Don’t forget our treatment aim is to maximise your brain health and part of this philosophy is the holistic management of MS including sleep.

Yaffe et al. Sleep Duration and White Matter Quality in Middle-Aged Adults. Sleep. 2016 Sep 1;39(9):1743-7.

STUDY OBJECTIVES: Sleep duration has been associated with risk of dementia and stroke, but few studies have investigated the relationship between sleep duration and brain MRI measures, particularly in middle age.
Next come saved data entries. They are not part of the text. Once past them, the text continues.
theorem lemma7p1:
  fixes p u :: "nat \<Rightarrow> real^'d::{finite,linorder}"
    and Ed :: "(nat \<times> nat) set" and Ef :: "nat \<Rightarrow> nat \<Rightarrow> real \<Rightarrow> real"
    and n l :: nat
  assumes "graph_ok n Ed"
    and "pinned l n p"
    and "stiff_bar Ed p Ef"
    and "pinned_pos l n u"
  shows "(u \<in> hess_kernel l n (energy Ed Ef) p \<longleftrightarrow>
            (u = (\<lambda>i. 0) \<or> flex11 l n Ed p (\<lambda>t i. p i + t *\<^sub>R u i)))
       \<and> (u \<in> hess_kernel l n (energy Ed Ef) p \<longleftrightarrow> u \<in> Kspace l n Ed p)"
proof -
  have kernel: "hess_kernel l n (energy Ed Ef) p = Kspace l n Ed p"
    using hess_kernel_energy_eq_Kspace[OF graph_ok_finite] assms(1,3) .
  have "pinned_pos l n p"
    using assms(2) unfolding pinned_def by simp
  then have "(u = (\<lambda>i. 0) \<or> flex11 l n Ed p (\<lambda>t i. p i + t *\<^sub>R u i)) \<longleftrightarrow> u \<in> Kspace l n Ed p"
    using flex11_affine_iff[OF _ assms(4)] assms(4) unfolding Kspace_def by auto
  with kernel show ?thesis by simp
qed

end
METHODS: In a prospective cohort of 613 black and white adults (mean age = 45.4 years) enrolled in the Coronary Artery Risk Development in Young Adults (CARDIA) study, participants reported typical sleep duration, dichotomized into moderate sleep duration (> 6 to ≤ 8 h) and short sleep duration (≤ 6 h) at baseline (2005-2006). Five years later, we obtained brain MRI markers of white matter including fractional anisotropy, mean diffusivity, and white matter hyperintensities.

RESULTS: Compared to moderate sleepers, short sleepers had an elevated ratio of white matter hyperintensities to normal tissue in the parietal region (OR = 2.31, 95% CI: 1.47, 3.61) adjusted for age, race/sex, education, hypertension, stroke/TIA, depression, smoking status, and physical activity. White matter diffusivity was also higher, approximately a 0.2 standard deviation difference, in frontal, parietal, and temporal white matter regions, among those reporting shorter sleep duration in (P < 0.05 for all).

CONCLUSIONS: Short sleep duration was associated with worse markers of white matter integrity in midlife. These mid-life differences in white matter may underlie the link between poor sleep and risk of dementia and stroke.